Выходит, объявить свой слух «вполне настроенным» в устах Конфуция означало назвать себя не больше и не меньше, как преемником незапамятной древности. Именно: непостижимого истока всякого одухотворенного жеста, жизненности всякой жизни. Но почему Учитель Кун высказывается о себе так скромно и так иносказательно? Да потому, что иносказательно всякое правдивое слово о Великом Пути, и хорошо говорит тот, кто умеет молчать. «Имеющий уши да услышит…» Учитель Кун говорил помимо слов и о том, что дается каждому прежде слов, что согрето теплом человеческого сердца. Его мысли всегда о том, что «близко лежит», – о родном, интимно-невысказанном, греющем душу. Не он владеет своей правдой, но правда владеет им. Чем меньше он знает о ней, тем больше может доверять ей. И потому есть своя справедливость в том, что эта истина музыкальной настроенности души открылась ему в годы странствий и лишений, быть может, в те тяжкие дни, когда он и его ученики умирали с голоду в далеких и чужих землях Юга.

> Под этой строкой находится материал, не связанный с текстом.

(* Let $\mathrm{k}$ be an infinite field and $\mathcal{A}$ a unital associative $\mathrm{k}$-algebra satisfying $\mathbf{H}_{\mathrm{s}}$. Let $V$ be an $n$-dimensional $\mathrm{k}$-subspace of $\mathcal{A}$ with $V\cap U(\mathcal{A})\neq\emptyset$, and let $\{x_1,\ldots,x_n\}$ be a basis of $V$ with $x_1$ invertible. Let $X=\{x_1+\alpha x_2+\cdots+\alpha^{n-1}x_n\mid\alpha\in\mathrm{k}\}$. Then: (1) any $n$ vectors of $X$ corresponding to $n$ distinct values of $\alpha$ form a basis of $V$; (2) infinitely many elements $x_1+\alpha x_2+\cdots+\alpha^{n-1}x_n$, $\alpha\in\mathrm{k}$, are invertible; (3) $X$ contains a basis of $V$ consisting of invertible elements.
   Context: $U(\mathcal{A})$ is the group of invertible elements. Hypothesis $\mathbf{H}_{\mathrm{s}}$: $\mathcal{A}$ is finite-dimensional over $\mathrm{k}$, or $\mathrm{k}\in\{\mathbb{R},\mathbb{C}\}$ and $\mathcal{A}$ is a Banach algebra over $\mathrm{k}$, or $\mathcal{A}$ is a finite product of field extensions of $\mathrm{k}$. *)

theory Defs
  imports "HOL-Analysis.Analysis"
begin

definition k_algebra :: "('a::field \<Rightarrow> 'b::ring_1 \<Rightarrow> 'b) \<Rightarrow> bool" where
  "k_algebra s \<longleftrightarrow> vector_space s \<and>
     (\<forall>c x y. s c (x * y) = s c x * y \<and> s c (x * y) = x * s c y)"

definition units_of_alg :: "'b::ring_1 set" where
  "units_of_alg = {x. \<exists>y. x * y = 1 \<and> y * x = 1}"

definition fin_dim_alg :: "('a::field \<Rightarrow> 'b::ring_1 \<Rightarrow> 'b) \<Rightarrow> bool" where
  "fin_dim_alg s \<longleftrightarrow> (\<exists>B. finite B \<and> module.span s B = UNIV)"
lemma entry_expand:
  assumes f: "multilinear_on m k (Suc k) f"
  shows "f v = (\<Sum>c\<in>{0..<m}. v k c * f (basis_vec k c))"
proof -
  define g where "g = (\<lambda>z. f (v(k := z)))"
  have "g (v k) = (\<Sum>c\<in>{0..<m}. v k c * g (\<lambda>c'. if c' = c then 1 else 0))"
  proof (rule linear_expand)
    show "\<And>x y. g (\<lambda>c. x c + y c) = g x + g y" using f by (simp add: g_def multilinear_on_def)
    show "\<And>a x. g (\<lambda>c. a * x c) = a * g x" using f by (simp add: g_def multilinear_on_def)
    show "\<And>x y. (\<And>c. c < m \<Longrightarrow> x c = y c) \<Longrightarrow> g x = g y"
      unfolding g_def by (rule multilinear_dep[OF f]) auto
  qed
  moreover have "\<And>c. g (\<lambda>c'. if c' = c then 1 else 0) = f (basis_vec k c)"
    unfolding g_def by (rule multilinear_dep[OF f]) (auto simp: basis_vec_def)
  ultimately show ?thesis by (simp add: g_def)
qed

section \<open>The subgroup generated by p-th powers\<close>

lemma corner_inv:
  assumes l: "l \<ge> 2" and f: "multilinear_on m 1 l f"
  shows "inv\<^bsub>UT l m\<^esub> (corner l f) = corner l (\<lambda>v. - f v)"
  unfolding m_inv_def
proof (rule the_equality)
  have "multilinear_on m 1 l (\<lambda>v. - f v)" using multilinear_scale[OF f, of "-1"] by simp
  then have "corner l (\<lambda>v. - f v) \<in> UT_carrier l m"
    using l by (auto simp: UT_carrier_def corner_def UT_one_def multilinear_zero)
  then show "corner l (\<lambda>v. - f v) \<in> carrier (UT l m) \<and>
    corner l f \<otimes>\<^bsub>UT l m\<^esub> corner l (\<lambda>v. - f v) = \<one>\<^bsub>UT l m\<^esub> \<and>
    corner l (\<lambda>v. - f v) \<otimes>\<^bsub>UT l m\<^esub> corner l f = \<one>\<^bsub>UT l m\<^esub>"
    by (simp add: corner_mult[OF l] corner_zero[OF l])
next
  fix y assume y: "y \<in> carrier (UT l m) \<and> corner l f \<otimes>\<^bsub>UT l m\<^esub> y = \<one>\<^bsub>UT l m\<^esub> \<and>
    y \<otimes>\<^bsub>UT l m\<^esub> corner l f = \<one>\<^bsub>UT l m\<^esub>"
  have frame: "identity_frame l y" using y l identity_frame_UT[of y l m] by simp
  have "UT_mult l (corner l f) y i k v = UT_one l i k v" for i k v using y by simp
  then have sum_one: "y i k v + (if i = 1 \<and> k = l then f v else 0) = UT_one l i k v" for i k v
    by (simp add: corner_mult_left[OF l frame])
  show "y = corner l (\<lambda>v. - f v)"
  proof (intro ext)
    fix i k v
    show "y i k v = corner l (\<lambda>v. - f v) i k v"
      using sum_one[of i k v] l
      by (cases "i = 1 \<and> k = l") (auto simp: corner_def UT_one_app eq_neg_iff_add_eq_0)
  qed
qed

Ничто так не высвечивает внутреннюю правду, как неуютность мира, окружающего нас.
Наверное, Конфуций и сам не смог бы сказать в точности, когда постиг он истину музыкальной настроенности жизни. Но, вероятно, он верил, что истина эта не случайно открылась ему именно в шестьдесят лет – в пору завершения земных трудов человека. И еще он знал, что эта правда привела его обратно в родной дом, как привела она его сердце к неведомому прежде, легкому, естественному и все-таки возвышенному покою…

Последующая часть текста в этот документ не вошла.